Nick Lachey, for the uninitiated, is best known to many for having been married to multi-hyphenate Jessica Simpson in the aughts, as was notably documented on their 2003-2005 reality Newlyweds: Nick and Jessica. Although I spent much of my life convinced he was in NSYNC, he is actually a member of pop-R&B boy band 98 Degrees. Now, he is recognized more for spinning through a carousel of various reality television gigs—in addition to being a “wife guy” to actress and model Vanessa Lachey (née Minnillo), to whom he has been married for 11 years.

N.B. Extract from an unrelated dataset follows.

(* Let $\sigma:\mathcal A^*\to\mathcal B^*$ be a non-erasing morphism of free monoids over finite alphabets and $X\subseteq\mathcal A^{\mathbb Z}$ a subshift. If $\sigma$ is recognizable in $X$, then the measure transfer map $\sigma^{\mathcal M}_X:\mathcal M(X)\to\mathcal M(\sigma(X))$, $\mu\mapsto\mu^\sigma$, is injective.
   Context: $\mathcal M(X)$ denotes the set of finite shift-invariant Borel measures on $\mathcal A^{\mathbb Z}$ with support in $X$. For a word $w$, the cylinder $[w]$ is $\{\mathbf x:\mathbf x_{[1,|w|]}=w\}$. Measure transfer: let $\mathcal A_\sigma=\{a(k):a\in\mathcal A,1\le k\le|\sigma(a)|\}$, $\pi_\sigma(a)=a(1)\cdots a(|\sigma(a)|)$, $\alpha_\sigma(a(k))=$ the $k$-th letter of $\sigma(a)$. For $w\in\mathcal A_\sigma^*$ let $\widehat w\in\mathcal A^*$ be the (unique) shortest word such that $\pi_\sigma(\widehat w)$ contains $w$ as a factor, and set $\mu([\widehat w])=0$ if none exists. For an invariant measure $\mu$ on $\mathcal A^{\mathbb Z}$ the transferred measure $\mu^\sigma=\sigma^{\mathcal M}(\mu)$ is the invariant measure on $\mathcal B^{\mathbb Z}$ with $\mu^\sigma([w'])=\sum_{w\in\mathcal A_\sigma^*,\ \alpha_\sigma(w)=w'}\mu([\widehat w])$ for all $w'\in\mathcal B^*$; it maps $\mathcal M(X)$ into $\mathcal M(\sigma(X))$, where $\sigma(X)$ is the image subshift (smallest subshift containing $\sigma^{\mathbb Z}(X)$, with $\sigma^{\mathbb Z}(\mathbf x)_{[1,\infty)}=\sigma(x_1)\sigma(x_2)\cdots$). $\sigma$ is recognizable in $X$ if: whenever $\mathbf x,\mathbf x'\in X$, $\mathbf y\in\mathcal B^{\mathbb Z}$ satisfy $\mathbf y=T^k(\sigma^{\mathbb Z}(\mathbf x))=T^\ell(\sigma^{\mathbb Z}(\mathbf x'))$ with $0\le k<|\sigma(x_1)|$, $0\le\ell<|\sigma(x'_1)|$ ($T$ the shift), then $\mathbf x=\mathbf x'$ and $k=\ell$. *)

theory Defs
  imports "HOL-Analysis.Analysis" "HOL-Library.Sublist"
begin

The pair have built a polished image around their “strong” and “healthy” relationship, so, at first glance, their role as hosts on a marriage-centric series should be fitting. But for the past two years on the series, the Lacheys have been doing an extremely poor job at the seemingly simple task of being entertaining presenters. Their focus on themselves is often a superfluous distraction—and that’s when they’re even around at all.
A television host traditionally exists to guide contestants—and viewers, by extension—through the intricate operations of a reality show’s structure, while also mediating discussions between the individuals involved. Think Top Chef’s Padma Lakshmi, Nikki Glaser of FBoy Island, or even Takashi Fujii and Yuka Itaya, who are much more successful at leading Love Is Blind: Japan.
But on the U.S. Love Is Blind, the Lachey duo serve less as guides for the eager, love-starved contestants and more like props who turn every discussion back to themselves. They typically appear every so often to make it known that they are, indeed, Nick and Vanessa Lachey, followed by blink-and-you’ll-miss-it chats with the contestants about each stage of the process before once again disappearing. (Luckily for us, this season Nick wisely chooses to drop the sarcastic “obviously” he frequently peppered in while introducing himself.)
Both Nick and Vanessa have an extensive resume of TV hosting gigs, having emceed Miss USA together in 2018 and 2019 in addition to a handful of solo roles. Given that experience, it’s surprising how dull their presence has been on all three seasons of Love Is Blind. It’s a struggle to understand how, of all the C-list celebrities currently on the planet, Netflix landed on them for the gig.
I don’t personally have anything against the Lacheys, but their roles on the show could easily be removed from the show or they could be replaced—petition to get Lauren and Cameron, one of the only successful Love Is Blind pairings, to take over hosting duties—and their lack of presence would have little impact. Since they make such rare appearances, it’s easy to forget that they are the hosts of the series, or that the series even has hosts at all. What is the point of putting the Lacheys on screen for such little time that you eventually forget their purpose?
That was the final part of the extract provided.